BNF : le fâcheux retour de Google

En apparence, le présent article est contradictoire avec le précédent, où je déplorais les retards français en matière de livre numérique. (Je signale au passage que, pour être complet sur ce dernier sujet, j'aurais dû souligner que le Québec est en avance sur la francophonie européenne). Contradictoire, puisque le protocole annoncé par la Bibliothèque nationale de France (BNF) hier 6 juillet se donne pour objectif avoué d'accélérer la numérisation de ses collections, qu'elle met gratuitement à la disposition du public en ligne sur le site Gallica. Or en fait, ces deux articles sont complémentaires. Voyons pourquoi.

Il est manifeste que le livre numérique est en retard en France, que son développement est bridé par des acteurs trop frileux, et que ce retard finira par être préjudiciable aussi bien à nos lettres qu'aux structures économiques qui les véhiculent, si nous ne réagissons pas. Non seulement les livres numériques de première diffusion sont en retard, mais la numérisation des épuisés l'est aussi. Et c'est d'ailleurs à cause de l'inertie des acteurs économiques concernés que l'initiative de Google, parce qu'elle bouscule les pots de fleurs, est a priori sympathique à ceux qui veulent voir le plus grand nombre possible d'ouvrages à la disposition du plus grand public possible au moindre coût possible. Remettre en circulation les ouvrages délaissés par les éditeurs, c'est une bonne idée. Il y a même des dispositions en cours d'élaboration à l'échelle européenne pour la valorisation de ce qu'on nomme les "œuvres orphelines". Mais pas n'importe comment. Et c'est là que le bât blesse.

Google veut-il remplacer (ou absorber) l'internet entier ?

Il y a d'abord la stratégie de Google. Cette entreprise est née sur une idée géniale et s'est développée sur une image philanthropique, mais l'appui politique dont elle dispose aux États-Unis et sa valorisation financière et boursière l'ont transformée (ou révélée ?) pour ce qu'elle est : une formidable machine à broyer les institutions culturelles et à édifier un monopole redoutable. Google, moteur de recherche hégémonique, s'appuie sur Google Chrome, navigateur en expansion constante, à vocation hégémonique. Et voici que, malgré l'échec de Google Waves, Google se lance dans un réseau social à vocation hégémonique, Google+, dont la première ambition est d'écrabouiller un autre réseau socual hégémonique, Facebook.

L'arrivée de Google sur le marché des réseaux sociaux devrait passer pour une bonne nouvelle, tant la position de Facebook y est dominante, sans vraie concurrence.

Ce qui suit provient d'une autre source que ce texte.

text \<open>Image in F (characteristic p) of binom(y,n) in Z_p: since p^(n+1) > n,
  binom(y,n) is congruent mod p to binom(y_(n+1),n) (Lucas).\<close>
definition padic_binom :: "nat \<Rightarrow> (nat \<Rightarrow> int) \<Rightarrow> nat \<Rightarrow> 'a::{field,finite} fls" where
  "padic_binom p y n = of_nat (nat (y (Suc n)) choose n)"

definition upow :: "nat \<Rightarrow> 'a::{field,finite} fls \<Rightarrow> (nat \<Rightarrow> int) \<Rightarrow> 'a fls" where
  "upow p u y = (THE s. vlim (\<lambda>N. \<Sum>n<N. padic_binom p y n * (u - 1) ^ n) s)"

end

theory Submission
  imports Defs "HOL-Computational_Algebra.Primes"
begin

unbundle fps_syntax

text \<open>In characteristic \<open>p\<close> the Frobenius \<open>w \<mapsto> w\<^sup>p\<close> is injective and sends \<open>1 + x\<close> to
  \<open>1 + x\<^sup>p\<close>, so \<open>|w\<^sup>p - 1| = |w - 1|\<^sup>p\<close> and iterated \<open>p\<close>-th powers drive every 1-unit into any
  neighbourhood of \<open>1\<close>. Both \<open>f\<close> (a homomorphism) and \<open>u \<mapsto> u\<^sup>y\<close> (a series whose coefficients
  lie in the prime field) commute with \<open>p\<close>-th powers. Hence \<open>f (w\<^sup>p\<^sup>m) = (w\<^sup>p\<^sup>m)\<^sup>y\<close> for large \<open>m\<close>
  can be pulled back along the injective Frobenius to \<open>f w = w\<^sup>y\<close>.\<close>

lemma CARD_field_gt_1: "real CARD('a::{field,finite}) > 1"
proof -
  have "card {0::'a, 1} \<le> card (UNIV::'a set)" by (rule card_mono) auto
  then show ?thesis by simp
qed

lemma absv_nonneg: "absv (x::'a::{field,finite} fls) \<ge> 0"
  unfolding absv_def by simp

lemma absv_mult:
  fixes a b :: "'a::{field,finite} fls"
  shows "absv (a * b) = absv a * absv b"
  unfolding absv_def by (auto simp: powr_add[symmetric] algebra_simps)

lemma absv_power:
  fixes z :: "'a::{field,finite} fls"
  shows "absv (z ^ n) = absv z ^ n"
proof (induction n)
  case (Suc n) then show ?case by (simp only: power_Suc absv_mult)
qed (simp add: absv_def)

lemma fls_nth_eq_0_if_absv_less_powr:
  fixes z :: "'a::{field,finite} fls"
  assumes "absv z < real CARD('a) powr (- real_of_int k)" "j \<le> k"
  shows "z $$ j = 0"
proof (cases "z = 0")
  case False
  with assms(1) have "real CARD('a) powr (- real_of_int (fls_subdegree z))
      < real CARD('a) powr (- real_of_int k)"
    unfolding absv_def by simp
  then have "k < fls_subdegree z"
    using CARD_field_gt_1[where 'a='a] by (simp add: powr_less_cancel_iff)
  then show ?thesis using assms(2) by simp
qed simp

lemma absv_le_powr_if_fls_nth_eq_0:
  fixes z :: "'a::{field,finite} fls"
  assumes "\<And>k. k < int N \<Longrightarrow> z $$ k = 0"
  shows "absv z \<le> real CARD('a) powr (- real N)"
proof (cases "z = 0")
  case False
  then have "int N \<le> fls_subdegree z" using fls_subdegree_geI assms by blast
  then show ?thesis using False CARD_field_gt_1[where 'a='a] unfolding absv_def by simp
qed (simp add: absv_def)

lemma absv_less_1_iff:
  fixes z :: "'a::{field,finite} fls"
  shows "absv z < 1 \<longleftrightarrow> (\<forall>k\<le>0. z $$ k = 0)"
proof
  assume "absv z < 1"
  then show "\<forall>k\<le>0. z $$ k = 0" using fls_nth_eq_0_if_absv_less_powr[of z 0] by auto
next
  assume "\<forall>k\<le>0. z $$ k = 0"
  then have "absv z \<le> real CARD('a) powr (- real (1::nat))"
    by (intro absv_le_powr_if_fls_nth_eq_0) auto
  also have "\<dots> < 1" using CARD_field_gt_1[where 'a='a] by simp
  finally show "absv z < 1" .
qed

lemma fls_nth_power_eq_0_if_absv_less_1:
  fixes x :: "'a::{field,finite} fls"
  assumes "absv x < 1" "k < int n"
  shows "(x ^ n) $$ k = 0"
proof (cases "x = 0")
  case True
  then show ?thesis using assms(2) by (cases n) auto
next
  case False
  have "\<not> fls_subdegree x \<le> 0"
    using assms(1) nth_fls_subdegree_nonzero[OF False] unfolding absv_less_1_iff by blast
  then have "1 \<le> fls_subdegree x" by simp
  then have "int n \<le> fls_subdegree (x ^ n)"
    using mult_left_mono[of 1 "fls_subdegree x" "int n"] by (simp add: fls_subdegree_pow)
  then show ?thesis using assms(2) by simp
qed

lemma vlim_unique:
  fixes X :: "nat \<Rightarrow> 'a::{field,finite} fls"
  assumes "vlim X a" "vlim X b"
  shows "a = b"
proof (rule fls_eqI)
  fix k :: int
  define r where "r = real CARD('a) powr (- real_of_int k)"
  have "r > 0" unfolding r_def using CARD_field_gt_1[where 'a='a] by simp
  then have "eventually (\<lambda>n. absv (X n - a) < r \<and> absv (X n - b) < r) sequentially"
    using assms unfolding vlim_def by (intro eventually_conj order_tendstoD)
  then obtain n where "absv (X n - a) < r" "absv (X n - b) < r"
    by (auto simp: eventually_sequentially)
  then have "(X n - a) $$ k = 0" "(X n - b) $$ k = 0"
    unfolding r_def using fls_nth_eq_0_if_absv_less_powr by blast+
  then show "a $$ k = b $$ k" by simp
qed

Je suis inscrit pour ma part sur Linkedin et sur Viadéo, mais je n'y vais presque jamais, mon temps n'est pas extensible, et je suis beaucoup sur Twitter, dont le contrat avec Google vient de s'éteindre. Donc face à Facebook, Google serait une bonne idée. Sauf que ...

Imaginez, avec tout ce que vous faites sur internet, avoir la même entreprise mondiale qui contrôle : vos recherches de navigation, votre navigation proprement dite, et tout votre réseau de relations personnelles, commerciales, sexuelles ... Cela, ce n'est plus de la transparence, ou plutôt c'est la transparence où vous êtes entièrement sous contrôle d'une institution qui, elle, ne vous doit rien, n'a aucune transparence envers vous, une institution qui peut tout sur vous alors que vous ne pouvez rien sur elle. Cela, ce sont les soviets, c'est 1984, c'est l'enfer sur terre. Déjà, vous en subissez bien plus que vous ne le devriez.

C'est pourquoi, lorsque l'hypothèse Google est venue une première fois sur le tapis, j'ai annoncé que, personnellement, je ferais la grève du dépôt légal si on cédait la numérisation des collections de la BNF à un tiers privé quel qu'il soit.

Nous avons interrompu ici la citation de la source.